Scholle, der beliebteste Plattfisch hier zu Lande, wird in keinem Monat so gern gegessen wie im Mai. Dann sind sie nämlich besonders zart, saftig und schmecken einfach unvergleichlich gut. Die Scholle ist der bekannteste Vertreter der Plattfische. Sie wird vor allem in der Nordsee, der Ostsee und in der arktischen Barentssee gefangen. In der Ostsee wird sie auch Goldscholle genannt.

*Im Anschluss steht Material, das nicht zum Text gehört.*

(* Let $M$ be the monoid defined by the presentation $\langle a,b,x,y \mid bxy=xyb,\ byx=yxb,\ axyb=byxa\rangle$. Then for every $\alpha\in\mathbb{N}$, the elements represented by $a(xy)^\alpha b$ and $b(yx)^\alpha a$ lie in the same connected component of the cyclic shift graph $K(M)$, and the distance between them in $K(M)$ is at least $\alpha-1$. Consequently, although $M$ is multihomogeneous, there is no bound on the diameters of the connected components of $K(M)$.
   Context: For a monoid $M$ and $s,t\in M$, write $s\sim t$ if there exist $x,y\in M$ with $s=xy$ and $t=yx$ (a cyclic shift). The cyclic shift graph $K(M)$ is the undirected graph with vertex set $M$ and an edge between $s$ and $t$ iff $s\sim t$; its connected components are the classes of the reflexive–transitive closure of $\sim$, and distances/diameters are graph distances. A presentation is multihomogeneous if each defining relation $(u,v)$ has $u$ and $v$ containing the same number of occurrences of each generator; a monoid is multihomogeneous if it admits such a presentation. *)

theory Defs
  imports "HOL-Library.Extended_Nat"
begin

definition cyc_shift :: "'a::monoid_mult \<Rightarrow> 'a \<Rightarrow> bool" where
  "cyc_shift s t \<longleftrightarrow> (\<exists>x y. s = x * y \<and> t = y * x)"

definition K_conn :: "'a::monoid_mult \<Rightarrow> 'a \<Rightarrow> bool" where
  "K_conn s t \<longleftrightarrow> cyc_shift\<^sup>*\<^sup>* s t"

text \<open>Graph distance in K(M) (infinite if not connected).\<close>
definition K_dist :: "'a::monoid_mult \<Rightarrow> 'a \<Rightarrow> enat" where
  "K_dist s t = (INF n \<in> {n. (cyc_shift ^^ n) s t}. enat n)"

definition K_comp_diam :: "'a::monoid_mult \<Rightarrow> enat" where
  "K_comp_diam s = (SUP p \<in> {u. K_conn s u} \<times> {u. K_conn s u}. K_dist (fst p) (snd p))"

datatype gen = A | B | X | Y

definition rels :: "(gen list \<times> gen list) set" where
  "rels = {([B,X,Y],[X,Y,B]), ([B,Y,X],[Y,X,B]), ([A,X,Y,B],[B,Y,X,A])}"

definition multihomogeneous_pres :: "('g list \<times> 'g list) set \<Rightarrow> bool" where
  "multihomogeneous_pres R \<longleftrightarrow> (\<forall>(u,v)\<in>R. \<forall>g. count_list u g = count_list v g)"
lemma harmonic_cert_identity:
  fixes q X Y :: complex
  assumes nz: "X \<noteq> 0" "1-q*X \<noteq> 0" "1-q*X^4 \<noteq> 0" "1-q^6*Y \<noteq> 0" "q^6*Y-X \<noteq> 0" "q^4*Y-X \<noteq> 0"
    "q^2*Y-X \<noteq> 0" "1-q^3*X^3*Y \<noteq> 0" "1-q^2*Y \<noteq> 0" "1-q^4*Y \<noteq> 0" "1-q^3*Y \<noteq> 0"
  shows "wz_cert_next q X Y * (q*X/(1-q*X)^2) - cert_scaled q X Y
           + f_shift q X Y * (q^3*Y/(1-q^3*Y)^2) - q^6*Y/(1-q^6*Y)^2 = 0"
proof -
  define M where "M = X*(1-q*X)^2*(1-q*X^4)*(1-q^6*Y)^2*((q^6*Y-X)*(q^4*Y-X)*(q^2*Y-X))
                      *(1-q^3*X^3*Y)*(1-q^2*Y)*(1-q^4*Y)*(1-q^3*Y)^2"
  have "M \<noteq> 0"
    unfolding M_def using nz by simp
  have e3: "1-q^3*Y*X^3 = 1-q^3*X^3*Y"
    by (simp add: ac_simps)
  have t: "wz_cert_next q X Y * (q*X/(1-q*X)^2) * M
      = ((- (q^2*Y*(1-q^9*Y^2)*(1-q*X)^2*(1-q*X^2)*(1-q^3*X^2)*(q^6*Y-X^3)))*(q*X))
        * ((1-q^3*X^3*Y)*(1-q^2*Y)*(1-q^4*Y)*(1-q^3*Y)^2)"
    unfolding wz_cert_next_def times_divide_times_eq
    by (rule divide_times_multiple, use nz in simp, simp only: M_def mult_ac power2_eq_square power3_eq_cube)
  have s: "cert_scaled q X Y * M
      = (- (q^4*Y*(1-q^9*Y^2)*(q^2-X^2)*(1-X^2)*X^2*(1-q^7*X*Y)))
        * (X*(1-q*X)^2*(q^2*Y-X)*(1-q^2*Y)*(1-q^4*Y)*(1-q^3*Y)^2)"
    unfolding cert_scaled_def
    by (rule divide_times_multiple, use nz in simp, simp only: M_def mult_ac power2_eq_square power3_eq_cube)
  have f: "f_shift q X Y * (q^3*Y/(1-q^3*Y)^2) * M
      = (((1-q^3*Y)*(q^6*Y-X^3)*((1-q^3*Y*X)*(1-q^5*Y*X)*(1-q^7*Y*X))*((q^4*Y-1)*(q^2*Y-1))*(1-q^3*Y))
          *(q^3*Y)) * (X*(1-q*X)^2*(1-q*X^4))"
    unfolding f_shift_def e3 times_divide_times_eq
    by (rule divide_times_multiple, use nz in simp, simp only: M_def mult_ac power2_eq_square power3_eq_cube)
  have r: "q^6*Y/(1-q^6*Y)^2 * M
      = q^6*Y * (X*(1-q*X)^2*(1-q*X^4)*((q^6*Y-X)*(q^4*Y-X)*(q^2*Y-X))*(1-q^3*X^3*Y)
                 *(1-q^2*Y)*(1-q^4*Y)*(1-q^3*Y)^2)"
    by (rule divide_times_multiple, use nz in simp, simp only: M_def mult_ac power2_eq_square power3_eq_cube)
  have "(wz_cert_next q X Y * (q*X/(1-q*X)^2) - cert_scaled q X Y
           + f_shift q X Y * (q^3*Y/(1-q^3*Y)^2) - q^6*Y/(1-q^6*Y)^2) * M = 0"
    unfolding left_diff_distrib distrib_right t s f r by algebra
  then show ?thesis
    using \<open>M \<noteq> 0\<close> by simp
qed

Die Familie der Plattfische umfasst etwa 200 Arten, wobei häufig auch die Bezeichnung Scholle als Oberbegriff benutzt wird. Alle haben ein sehr fettarmes, aber eiweißreiches Fleisch, das positiv auf den Cholesterinspiegel wirkt. Das wohl bekannteste und am meisten angewendete Schollenrezept ist ohne Frage die "Finkenwerder Scholle" oder "Scholle Finkenwerder Art".
Finkenwerder ist ein kleiner Ort mit großer Tradition gegenüber von Hamburg. Der wohl bekannteste und berühmteste Sohn dieses Ortes ist Johann Wilhelm Kinau, der als Schriftsteller unter dem Pseudonym „Gorch Fock“ bekannt wurde - heute begegnet uns der Name im Zusammenhang mit dem Segelschulschiff.
Die "MaiScholle" verdankt ihren Ruf wohl einer historischen Gegebenheit: Früher, als die Fischerboote noch abhängiger von den Unbilden der Witterung waren, warteten die Fischer die Frühjahrsstürme ab und zogen ab Ende April wieder zu ihren Fanggründen in der Nord- und Ostsee. Gourmets schätzen die ersten frischen Schollen des Jahres, die Maischollen, wegen ihres mageren und eher weichen Fleisches. Ihr Aroma erinnert an Petersilie und Gurke.